The assistance of the staff of the Microbiology Department at Princess Margaret Hospital, Perth, Western Australia in specimen processing, and ward nursing staff for their assistance in specimen collection is gratefully acknowledged.
Does candida cause diarrhoea?
Despite significant progress over the years, no causative agent can be identified in a substantial proportion of infants and children with acute diarrhoea. In one study of over 4600 such children in Australia, no known enteric pathogen was found in 44% of cases.1-1 The search for possible pathogens goes on. In this study the authors asked whether Candida spp. or other yeasts might be an important and unrecognised cause of diarrhoea.
They analysed stool specimens from well nourished children in a tertiary referral hospital in Western Australia. These included children admitted with diarrhoea, children who developed diarrhoea while in hospital, and children without diarrhoea who were in hospital with various other disorders (disease controls). Although some of the subjects had chronic diarrhoea (the duration ranged from less than 24 hours to 480 days), the median duration was just one day. Yeasts (most often C albicans) were identified in stool samples from 39% of those with diarrhoea and 35% of the controls (no significant difference). Higher yeast concentrations were reported in those with diarrhoea and in those with a history of recent antibiotic treatment. However, there was a higher incidence of antibiotic exposure in those with diarrhoea, and this may have explained that difference in concentration.
Here again the principle applies that “coincidence is no proof of causality”.1-2 The association between antibiotic usage and diarrhoea is no surprise, and the link between antibiotic usage and faecal candida has been well documented. This, of course, is no proof that antibiotic associated diarrhoea is caused by candida. Nevertheless, there are anecdotal reports of successful treatment of this condition with nystatin.
Patients infected with human immunodeficiency virus often suffer from diarrhoea. C albicans is commonly isolated from the stool in these patients, but is just one of many possible agents that might be responsible for the diarrhoea.
As the authors indicate, studies from Pakistan and Nigeria have revealed increased carriage of Candida spp. in the stools of malnourished children with diarrhoea. This does not confirm an aetiological role for candida, even in those populations.Candida spp. are frequently identified in the absence of diarrhoea as the present study confirms.

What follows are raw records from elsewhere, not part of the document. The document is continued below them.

lemma weak_model_UN_stable_models:
  assumes wf: "wf_system PS" and SM: "\<And>i. i \<in> peer_ids PS \<Longrightarrow> M i \<in> SM (local_program PS i)"
  shows "weak_model PS (\<Union>i\<in>peer_ids PS. M i)"
proof -
  let ?I = "peer_ids PS" and ?A = "\<lambda>i. {a. gid a = i}" and ?M = "\<Union>i\<in>peer_ids PS. M i"
  let ?P = "\<lambda>X i. GL (local_program PS i) X" and ?Q = "St (sys_reduct (ground_sys PS) ?M)"
  have MM_P: "M i \<in> MM (?P (M i) i)" if "i \<in> ?I" for i using SM[OF that] unfolding SM_def by blast
  have atoms: "\<forall>g\<in>?P X i. grule_atoms g \<subseteq> ?A i" if i: "i \<in> ?I" for i X
    using local_program_atoms(1)[OF wf i] grule_atoms_drop_neg unfolding GL_def by blast
  have disj: "disjoint_family_on ?A ?I" unfolding disjoint_family_on_def by blast
  have "?P (M i) i = ?P ?M i" if i: "i \<in> ?I" for i
    using UN_Int_disjoint_family[OF disj MM_subset_alphabet[OF MM_P atoms] i]
      GL_local_program_restrict[OF wf i, of ?M] by simp
  then have MM_UN: "?M \<in> MM (\<Union>i\<in>?I. ?P ?M i)"
    using MM_UN_disjoint_alphabets[OF MM_P atoms disj] by simp
  have "is_model ?Q ?M"
  proof (rule is_modelI)
    fix g' assume "g' \<in> ?Q" and "body_true ?M g'"
    then show "\<exists>h. ghead g' = Some h \<and> h \<in> ?M"
      using St_sys_reduct_cases[OF wf] is_modelD[OF MM_is_model[OF MM_UN]] by blast
  qed
  moreover have "(\<Union>i\<in>?I. ?P ?M i) \<subseteq> ?Q"
    using GL_local_program_subset_St_sys_reduct[OF wf] by blast
  ultimately have "?M \<in> MM ?Q" using MM_mono_program[OF MM_UN] by blast
  then show ?thesis
    unfolding weak_model_def by (rule MM_positive_eq_singleton[OF positive_program_St_sys_reduct])
qed

lemma weak_model_exists:
  assumes "wf_system PS" and "locally_consistent PS"
  shows "\<exists>M. weak_model PS M"
proof -
  have "\<forall>i\<in>peer_ids PS. \<exists>M. M \<in> SM (local_program PS i)"
    using assms(2) unfolding locally_consistent_def local_program_def Let_def by blast
  then obtain M where "\<And>i. i \<in> peer_ids PS \<Longrightarrow> M i \<in> SM (local_program PS i)" by metis
  then show ?thesis using weak_model_UN_stable_models[OF assms(1)] by blast
qed

fun rule_head :: "('p,'c,'v) rule \<Rightarrow> ('p,'c,'v) atom option" where
  "rule_head (Std h _) = Some h"
| "rule_head (Constr _) = None"
| "rule_head (MaxMap h _ _ _) = Some h"
| "rule_head (MinMap h _ _ _) = Some h"

fun rule_pos :: "('p,'c,'v) rule \<Rightarrow> ('p,'c,'v) atom list" where
  "rule_pos (Std _ B) = pos_list B"
| "rule_pos (Constr B) = pos_list B"
| "rule_pos (MaxMap _ _ as _) = as"
| "rule_pos (MinMap _ _ as _) = as"

lemma ghead_ground_rule: "ghead (ground_rule \<sigma> r) = map_option (inst_atom \<sigma>) (rule_head r)"
  by (cases r) auto

lemma gpos_ground_rule: "gpos (ground_rule \<sigma> r) = map (inst_atom \<sigma>) (rule_pos r)"
  by (cases r) auto

lemma safe_head_vars:
  "safe r \<Longrightarrow> rule_head r = Some h \<Longrightarrow> vars_atom h \<subseteq> (\<Union>a\<in>set (rule_pos r). vars_atom a)"
  by (cases r) (auto simp: set_pos_list)

lemma vars_trm_iff: "v \<in> vars_trm t \<longleftrightarrow> t = Var v"
  by (cases t) auto

lemma mem_vars_atom: "v \<in> vars_atom a \<longleftrightarrow> Var v \<in> set (aargs a)"
  unfolding vars_atom_def by (simp add: vars_trm_iff)

definition head_atoms :: "('p,'c,'v) rule set \<Rightarrow> ('p,'c,'v) atom set" where
  "head_atoms R = (\<Union>r\<in>R. set_option (rule_head r))"

definition program_consts :: "('p,'c) gatom set \<Rightarrow> ('p,'c,'v) rule set \<Rightarrow> 'c set" where
  "program_consts D R = (\<Union>a\<in>D. set (gargs a)) \<union> (\<Union>h\<in>head_atoms R. Const -` set (aargs h))"

definition atom_shapes :: "('p,'c) gatom set \<Rightarrow> ('p,'c,'v) rule set \<Rightarrow> (nat \<times> 'p \<times> nat) set" where
  "atom_shapes D R = (\<lambda>a. (gid a, gpred a, length (gargs a))) ` D \<union>
                     (\<lambda>h. (aid h, apred h, length (aargs h))) ` head_atoms R"

definition herbrand_base :: "('p,'c) gatom set \<Rightarrow> ('p,'c,'v) rule set \<Rightarrow> ('p,'c) gatom set" where
  "herbrand_base D R =
     (\<Union>(i, p, n)\<in>atom_shapes D R. GAtom i p ` {xs. set xs \<subseteq> program_consts D R \<and> length xs = n})"

lemma mem_herbrand_base:
  "a \<in> herbrand_base D R \<longleftrightarrow>
     (gid a, gpred a, length (gargs a)) \<in> atom_shapes D R \<and> set (gargs a) \<subseteq> program_consts D R"
  by (cases a) (auto simp: herbrand_base_def)

lemma finite_herbrand_base:
  assumes "finite D" and "finite R"
  shows "finite (herbrand_base D R)"
proof -
  have "finite (head_atoms R)" using assms(2) unfolding head_atoms_def by simp
  moreover have "finite (Const -` set (aargs h))" if "h \<in> head_atoms R" for h
    by (rule finite_vimageI) (auto simp: inj_def)
  ultimately have "finite (program_consts D R)" and "finite (atom_shapes D R)"
    using assms(1) unfolding program_consts_def atom_shapes_def by auto
  then show ?thesis unfolding herbrand_base_def by (auto intro: finite_lists_length_eq)
qed

lemma facts_subset_herbrand_base: "D \<subseteq> herbrand_base D R"
  unfolding mem_herbrand_base atom_shapes_def program_consts_def subset_iff by blast

lemma inst_head_mem_herbrand_base:
  assumes h: "h \<in> head_atoms R" and vars: "vars_atom h \<subseteq> (\<Union>a\<in>set as. vars_atom a)"
    and body: "inst_atom \<sigma> ` set as \<subseteq> herbrand_base D R"
  shows "inst_atom \<sigma> h \<in> herbrand_base D R"
proof -
  have "inst_trm \<sigma> t \<in> program_consts D R" if t: "t \<in> set (aargs h)" for t
  proof (cases t)
    case (Const c)
    then show ?thesis using t h unfolding program_consts_def by auto
  next
    case (Var v)
    then have "v \<in> vars_atom h" using t by (simp add: mem_vars_atom)
    then obtain a where a: "a \<in> set as" and "Var v \<in> set (aargs a)"
      using vars by (auto simp: mem_vars_atom)
    then have "\<sigma> v \<in> set (gargs (inst_atom \<sigma> a))"
      using imageI[of "Var v" _ "inst_trm \<sigma>"] by simp
    moreover have "inst_atom \<sigma> a \<in> herbrand_base D R" using body a by blast
    ultimately show ?thesis using Var unfolding mem_herbrand_base by auto
  qed
  then show ?thesis using h unfolding mem_herbrand_base atom_shapes_def by auto
qed

lemma closed_under_ground_herbrand_base:
  assumes "\<forall>r\<in>R. safe r"
  shows "closed_under (ground D R) (herbrand_base D R)"
  unfolding closed_under_def
proof (intro ballI impI)
  fix g assume g: "g \<in> ground D R" and "gbi g \<and> set (gpos g) \<subseteq> herbrand_base D R"
  then have pos: "set (gpos g) \<subseteq> herbrand_base D R" by blast
  from g consider (fact) a where "a \<in> D" "g = fact a"
    | (rule) \<sigma> r where "r \<in> R" "g = ground_rule \<sigma> r"
    unfolding ground_def by blast
  then show "set_option (ghead g) \<subseteq> herbrand_base D R"
  proof cases
    case fact
    then show ?thesis using facts_subset_herbrand_base unfolding fact_def by fastforce
  next
    case rule
    show ?thesis
    proof
      fix a assume "a \<in> set_option (ghead g)"
      then obtain h where h: "rule_head r = Some h" and a: "a = inst_atom \<sigma> h"
        using rule(2) by (auto simp: ghead_ground_rule)
      have "h \<in> head_atoms R" using rule(1) h unfolding head_atoms_def by force
      moreover have "vars_atom h \<subseteq> (\<Union>b\<in>set (rule_pos r). vars_atom b)"
        using safe_head_vars assms rule(1) h by blast
      moreover have "inst_atom \<sigma> ` set (rule_pos r) \<subseteq> herbrand_base D R"
        using pos rule(2) by (simp add: gpos_ground_rule)
      ultimately show "a \<in> herbrand_base D R" using a inst_head_mem_herbrand_base by blast
    qed
  qed
qed

lemma closed_under_St_sys_reduct: "closed_under P S \<Longrightarrow> closed_under (St (sys_reduct P M)) S"
  unfolding closed_under_def St_sys_reduct_eq by auto

definition sys_rules :: "('p,'c::linorder,'v) p2p \<Rightarrow> ('p,'c,'v) rule set" where
  "sys_rules PS = sysLP PS \<union> sysMP PS \<union> sysIC PS"

lemma wf_system_finite:
  assumes "wf_system PS"
  shows "finite (sysD PS)" and "finite (sys_rules PS)"
proof -
  have "finite (peer_ids PS)" unfolding peer_ids_def by simp
  moreover have "\<forall>i\<in>peer_ids PS. wf_peer (length PS) i (peer_of PS i)"
    using wf_system_peer[OF assms] by blast
  ultimately show "finite (sysD PS)" and "finite (sys_rules PS)"
    unfolding sysD_def sys_rules_def sysLP_def sysMP_def sysIC_def wf_peer_def by auto
qed

lemma wf_system_safe: "wf_system PS \<Longrightarrow> \<forall>r\<in>sys_rules PS. safe r"
  unfolding sys_rules_def sysLP_def sysMP_def sysIC_def
  using wf_system_peer unfolding wf_peer_def by blast

lemma weak_model_subset_herbrand_base:
  assumes "wf_system PS" and "weak_model PS M"
  shows "M \<subseteq> herbrand_base (sysD PS) (sys_rules PS)"
proof (rule MM_subset_closed)
  show "M \<in> MM (St (sys_reduct (ground_sys PS) M))"
    using assms(2) unfolding weak_model_def by simp
  show "closed_under (St (sys_reduct (ground_sys PS) M)) (herbrand_base (sysD PS) (sys_rules PS))"
    unfolding ground_sys_def sys_rules_def[symmetric]
    by (intro closed_under_St_sys_reduct closed_under_ground_herbrand_base wf_system_safe assms(1))
qed (rule positive_program_St_sys_reduct)

lemma ex_maximal_image_finite:
  assumes "Q x" and "finite F" and "\<And>x. Q x \<Longrightarrow> f x \<subseteq> F"
  shows "\<exists>x. Q x \<and> \<not> (\<exists>y. Q y \<and> f x \<subset> f y)"
proof -
  have "finite (f ` Collect Q)" using assms(2,3) by (auto intro: finite_subset[of _ "Pow F"])
  then obtain m where "m \<in> f ` Collect Q" and "\<forall>b\<in>f ` Collect Q. m \<subseteq> b \<longrightarrow> m = b"
    using finite_has_maximal2[of "f ` Collect Q" "f x"] assms(1) by blast
  then show ?thesis by blast
qed

theorem theorem1:
  fixes PS :: "('p,'c::linorder,'v) p2p"
  assumes "wf_system PS"
    and "maximal_system PS"
    and "locally_consistent PS"
  shows "MaxWM PS \<noteq> {}"
proof -
  let ?B = "herbrand_base (sysD PS) (sys_rules PS)"
  obtain M0 where M0: "weak_model PS M0" using weak_model_exists[OF assms(1,3)] by blast
  have finite: "finite ?B"
    using finite_herbrand_base wf_system_finite[OF assms(1)] by blast
  have bounded: "restr_MP PS M \<subseteq> ?B" if "weak_model PS M" for M
    using weak_model_subset_herbrand_base[OF assms(1) that] unfolding restr_MP_def by blast
  obtain M where "weak_model PS M"
    and "\<not> (\<exists>N. weak_model PS N \<and> restr_MP PS M \<subset> restr_MP PS N)"
    using ex_maximal_image_finite[of "weak_model PS" M0 ?B "restr_MP PS", OF M0 finite bounded]
    by blast
  then have "M \<in> MaxWM PS" unfolding MaxWM_def by blast
  then show ?thesis by blast
qed

end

If “coincidence is not causality”, neither does the failure of this study to show a significant association with diarrhoea disprove the role of yeasts as potential pathogens. There may be specific clinical circumstances in which they can be responsible for diarrhoea. In addition, there are more than 80 candida species, as well as other yeast species, and these may vary in their pathogenicity. Even within species certain strains may have different properties. Using restriction enzyme analysis and a C albicansspecific DNA probe, Mathaba et al recently identified specific genetically distinct strains that may be associated with diarrhoea.1-3 Increased levels of secretory proteinase production were noted in isolates from patients with diarrhoea. Variation in adherence properties was shown in different isolates, and they reported that reduced and increased adherence were associated with acute and chronic diarrhoea respectively.
The role of candida and other yeast species as enteric pathogens may yet prove to be a complex one.